lemma gfun_ge_g2:
  assumes r: "-1 < \<rho>" "\<rho> < 1" and t: "0 < t" and b: "0 \<le> \<alpha> + \<mu> * t"
  shows "g2 \<alpha> \<mu> t \<le> gfun \<rho> \<alpha> \<mu> t"
proof -
  have "(\<alpha> + \<mu> * t)\<^sup>2 \<le> qf (Sig \<rho>) x" if "feasible (bvec \<alpha> \<mu> t) x" for x
  proof -
    have "(\<alpha> + \<mu> * t)\<^sup>2 \<le> (x $ 2)\<^sup>2" using that b by (intro power_mono) (auto simp: feasible_2[where i=1 and j=2])
    also have "\<dots> \<le> qf (Sig \<rho>) x" by (simp add: qf_Sig[OF r, where i=1 and j=2] qform_ge_sq[OF r])
    finally show ?thesis .
  qed
  then show ?thesis using gfun_lower_bound[OF t] by (simp add: g2_def)
qed

lemma g1_gt_4:
  assumes "0 < t" "t \<noteq> 1"
  shows "4 < g1 t"
proof -
  have "0 < (1 - t)\<^sup>2" using assms by simp
  then have "4 * t < (1 + t)\<^sup>2" by (simp add: power2_eq_square algebra_simps)
  then show ?thesis using assms by (simp add: g1_def field_simps)
qed

lemma g2_gt_4_mult:
  assumes "0 < \<alpha>" "0 < \<mu>" "0 < t" "t \<noteq> \<alpha> / \<mu>"
  shows "4 * \<alpha> * \<mu> < g2 \<alpha> \<mu> t"
proof -
  have "\<alpha> - \<mu> * t \<noteq> 0" using assms by (auto simp: field_simps)
  then have "0 < (\<alpha> - \<mu> * t)\<^sup>2" by simp
  then have "4 * \<alpha> * \<mu> * t < (\<alpha> + \<mu> * t)\<^sup>2" by (simp add: power2_eq_square algebra_simps)
  then show ?thesis using assms by (simp add: g2_def field_simps)
qed

lemma t0_eqI:
  assumes "0 < T" "\<And>s. 0 < s \<Longrightarrow> s \<noteq> T \<Longrightarrow> gfun \<rho> \<alpha> \<mu> T < gfun \<rho> \<alpha> \<mu> s"
  shows "t0 \<rho> \<alpha> \<mu> = T"
  unfolding t0_def
proof (rule the_equality)
  show "0 < T \<and> (\<forall>s>0. gfun \<rho> \<alpha> \<mu> T \<le> gfun \<rho> \<alpha> \<mu> s)"
    using assms by (metis order.strict_implies_order order_refl)
  show "t = T" if "0 < t \<and> (\<forall>s>0. gfun \<rho> \<alpha> \<mu> t \<le> gfun \<rho> \<alpha> \<mu> s)" for t
    using that assms by (meson not_le)
qed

________________________

What to produce: Please return exactly the lines that run from the line with "unfolding t0_def" through the end of the records above, both included, and nothing more.

Exercise solution:
  unfolding t0_def
proof (rule the_equality)
  show "0 < T \<and> (\<forall>s>0. gfun \<rho> \<alpha> \<mu> T \<le> gfun \<rho> \<alpha> \<mu> s)"
    using assms by (metis order.strict_implies_order order_refl)
  show "t = T" if "0 < t \<and> (\<forall>s>0. gfun \<rho> \<alpha> \<mu> t \<le> gfun \<rho> \<alpha> \<mu> s)" for t
    using that assms by (meson not_le)
qed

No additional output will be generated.